As AI companies race to improve the accuracy of large language models (LLMs) and apps built on top of them, a startup that has emerged as a key partner in that effort is announcing a significant round of funding. Turing, which works with armies of engineers to contribute code to AI projects — including assisting in the building of LLMs for OpenAI and others, as well as creating generative AI apps for enterprises — has secured a $111 million Series E round, doubling its valuation to $2.2 billion.
Turing currently generates around $300 million in ARR (annualized revenue run rate), and when this latest round was priced, it stood at $167 million. That means the company is growing fast. It has also been profitable for around a year, according to CEO Jonathan Siddharth, who tells Tech Zone Daily the company plans to use the funding to expand its business to more customers and broaden its use cases.
Turing today says that it works with some 4 million coders around the world. The actual number of Turing employees is much smaller — it’s a figure in the hundreds, one of its investors said.
Malaysia’s sovereign wealth fund Khazanah Nasional Berhad is leading the new round, with participation also from WestBridge Capital, Sozo Ventures, UpHonest Capital, AltaIR Capital, Amino Capital, Plug and Play, MVP Ventures, Fortius Ventures, Gaingels, and Mastodon Capital Management. Palo Alto-based Turing has raised $225 million to date.
Turing’s turn as a major partner to AI companies was not how the company got its start. Originally, it was effectively an HR tech startup.
Specifically, its early product was a platform for vetting and hiring remote coders, a business that started to take off during the COVID-19 pandemic, as the world sought better tools to source and manage remote teams. That business was strong enough to catapult the company to “unicorn” status, impressing both customers and investors.

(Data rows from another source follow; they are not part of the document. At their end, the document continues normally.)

lemma increments_tendsto_0_if_approx_inner:
  assumes "convergent_increments \<beta>" "approx_inner (cov_deriv n \<beta>)"
  shows "((\<lambda>k. \<beta> (k + 1) - \<beta> k) \<longlongrightarrow> 0) at_top \<and> ((\<lambda>k. \<beta> (k + 1) - \<beta> k) \<longlongrightarrow> 0) at_bot"
proof -
  obtain L1 L2 where L1: "((\<lambda>k. \<beta> k - \<beta> (k - 1)) \<longlongrightarrow> L1) at_top"
    and L2: "((\<lambda>k. \<beta> k - \<beta> (k - 1)) \<longlongrightarrow> L2) at_bot"
    using assms(1) unfolding convergent_increments_def by blast
  have top: "((\<lambda>k. \<beta> (k + 1) - \<beta> k) \<longlongrightarrow> L1) at_top"
    using filterlim_compose[OF L1 filterlim_int_add_const_at_top[of 1]] by simp
  have bot: "((\<lambda>k. \<beta> (k + 1) - \<beta> k) \<longlongrightarrow> L2) at_bot"
    using filterlim_compose[OF L2 filterlim_int_add_const_at_bot[of 1]] by simp
  have approx: "\<exists>c B. (\<forall>p. cmod (c p) \<le> B) \<and> (\<forall>p. cmod ((\<beta> (p + 1) - \<beta> p) - (c (p + 1) - c p)) \<le> \<epsilon>)"
    if "\<epsilon> > 0" for \<epsilon>
    using increments_approximated_if_approx_inner[OF assms(2) that] .
  have "L1 = 0"
    using stretch_near_limit_if_tendsto_at_top[OF top] approx by (rule eq_0_if_approximated_by_bounded_increments)
  moreover have "L2 = 0"
    using stretch_near_limit_if_tendsto_at_bot[OF bot] approx by (rule eq_0_if_approximated_by_bounded_increments)
  ultimately show ?thesis using top bot by simp
qed

section \<open>Vanishing increments imply approximately inner\<close>

lemma op_bounded_mono: "op_bounded M B \<Longrightarrow> B \<le> B' \<Longrightarrow> op_bounded M B'"
  unfolding op_bounded_def by (meson order_trans mult_right_mono sum_nonneg zero_le_power2)
lemma tlist_body_not_free:
  assumes A: "output_type A" and "\<alpha> \<noteq> x" "\<alpha> \<noteq> c" "TConst k \<noteq> tyO"
  defines "\<Gamma> \<equiv> [\<alpha> \<mapsto> tyO](x \<mapsto> TConst k, c \<mapsto> Arr A (Arr (TConst k) (TConst k)))"
    and "\<Phi> \<equiv> [\<alpha> \<mapsto> [], x \<mapsto> [], c \<mapsto> [A, tyO]]"
  shows "normal s \<Longrightarrow> ftyping \<Gamma> s (TConst k) \<Longrightarrow> ftyping (O_ctx \<Phi>) s tyO \<Longrightarrow> \<alpha> \<notin> Fv s"
proof (induction s rule: measure_induct_rule[of size])
  case (less s)
  have sig: "closed_proper_sig \<Phi>" "\<Phi> \<alpha> = Some []"
    using output_typeD[OF A] assms(2,3)
    by (simp_all add: \<Phi>_def closed_proper_sig_empty closed_proper_sig_upd)
  have "\<forall>y u. s \<noteq> Lam y u" using less.prems(2) ftyping_Lam_TConst by blast
  then obtain y where y: "head s = Var y" using normal_head_Var less.prems(1) by blast
  show ?case
  proof (cases "y = c")
    case False
    then obtain k' where k': "\<Gamma> y = Some (TConst k')"
      using ftyping_head_bound[OF less.prems(2) y] by (auto simp: \<Gamma>_def tyO_def split: if_splits)
    from ftyping_head_TConst[OF less.prems(2) y this] have "args s = []" "y \<noteq> \<alpha>"
      using assms(2-4) k' by (auto simp: \<Gamma>_def tyO_def)
    then show ?thesis using Fv_head_args[of s] y by simp
  next
    case True
    have "\<Gamma> y = Some (arrs [A, TConst k] (TConst k))" "closed_ty (arrs [A, TConst k] (TConst k))"
      using True output_typeD[OF A] by (auto simp: \<Gamma>_def closed_ty_def)
    from ftyping_spine[OF less.prems(2) y this]
    have "length (args s) \<le> length [A, TConst k]"
      "TConst k = arrs (drop (length (args s)) [A, TConst k]) (TConst k)"
      and arg_types_k: "\<forall>i<length (args s). ftyping \<Gamma> (args s ! i) ([A, TConst k] ! i)"
      by blast+
    then have "length (args s) = 2" by (auto simp: le_Suc_eq numeral_2_eq_2)
    then obtain a0 a1 where as: "args s = [a0, a1]" by (auto simp: length_Suc_conv numeral_2_eq_2)
    have "\<Phi> y = Some [A, tyO]" using True by (simp add: \<Phi>_def)
    from O_ctx_Some[OF this sig(1)] ftyping_spine[OF less.prems(3) y]
    have arg_types_O: "\<forall>i<length (args s). ftyping (O_ctx \<Phi>) (args s ! i) ([A, tyO] ! i)"
      by blast
    have "ftyping (O_ctx \<Phi>) a0 A" "ftyping (O_ctx \<Phi>) a1 tyO" "ftyping \<Gamma> a1 (TConst k)"
      using arg_types_O[rule_format, of 0] arg_types_O[rule_format, of 1]
        arg_types_k[rule_format, of 1] as by simp_all
    moreover have "normal a0" "normal a1" using normal_args[OF less.prems(1)] as by auto
    ultimately have "\<alpha> \<notin> Fv a0" "\<alpha> \<notin> Fv a1"
      using output_type_not_free[OF A _ _ sig(2,1)] less.IH[of a1] size_args_less[of a1 s] as by auto
    then show ?thesis using Fv_head_args[of s] y True as assms(3) by auto
  qed
qed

“When I first met them in 2018 my jaw dropped,” Sumir Chadha, a co-founder and managing partner at WestBridge, said in an interview, referring to how Siddharth seemingly upended the whole management consultancy and offshoring model. “You don’t need any of that. You don’t even need an HR staff. You can do it all with Turing and remote engineers.”
It was also strong enough to start catching a different kind of attention.
As a Semafor report from last year recounts, Siddharth was summoned in 2022 to OpenAI for a meeting, which he thought would be to talk about recruiting engineers for the startup. Instead, it turned out to be a proposition. OpenAI researchers had discovered that code added into training datasets helped improve the model’s reasoning capabilities, and it wanted Turing’s help to generate that code.
Siddharth obliged and that set off a whole new business focus for the startup, which he says now works with a number of foundational AI companies to provide similar services, as well as with companies that build apps on top of those LLMs.
“We could not have predicted the ChatGPT moment,” he said this week, and he couldn’t have predicted how the infrastructure he built for hiring coders would place Turing itself into the middle of the action. “I don’t think people knew how important software engineering tokens [would be] to teach an LLM to think and reason and code.”
But it hasn’t been a pivot. Siddharth was quick to correct me when I used the word, and he pointed out that Turing still generates substantial revenue from its older business sourcing coding talent, although he would not disclose how much.
“They are all growing,” he said of the different business lines. “We are stepping on the gas to scale up R&D, and scale up sales and marketing across all three businesses. We are in rapid expansion mode.”
However, the main focus in terms of new business, it seems, will be to continue doubling down on its work in AI as a coding provider for the building of future LLMs — a division Turing optimistically calls “Turing AGI Advancement” — and in its work on apps and services built on those LLMs — under the banner of “Turing Intelligence.”
Updated to include a more recent ARR figure.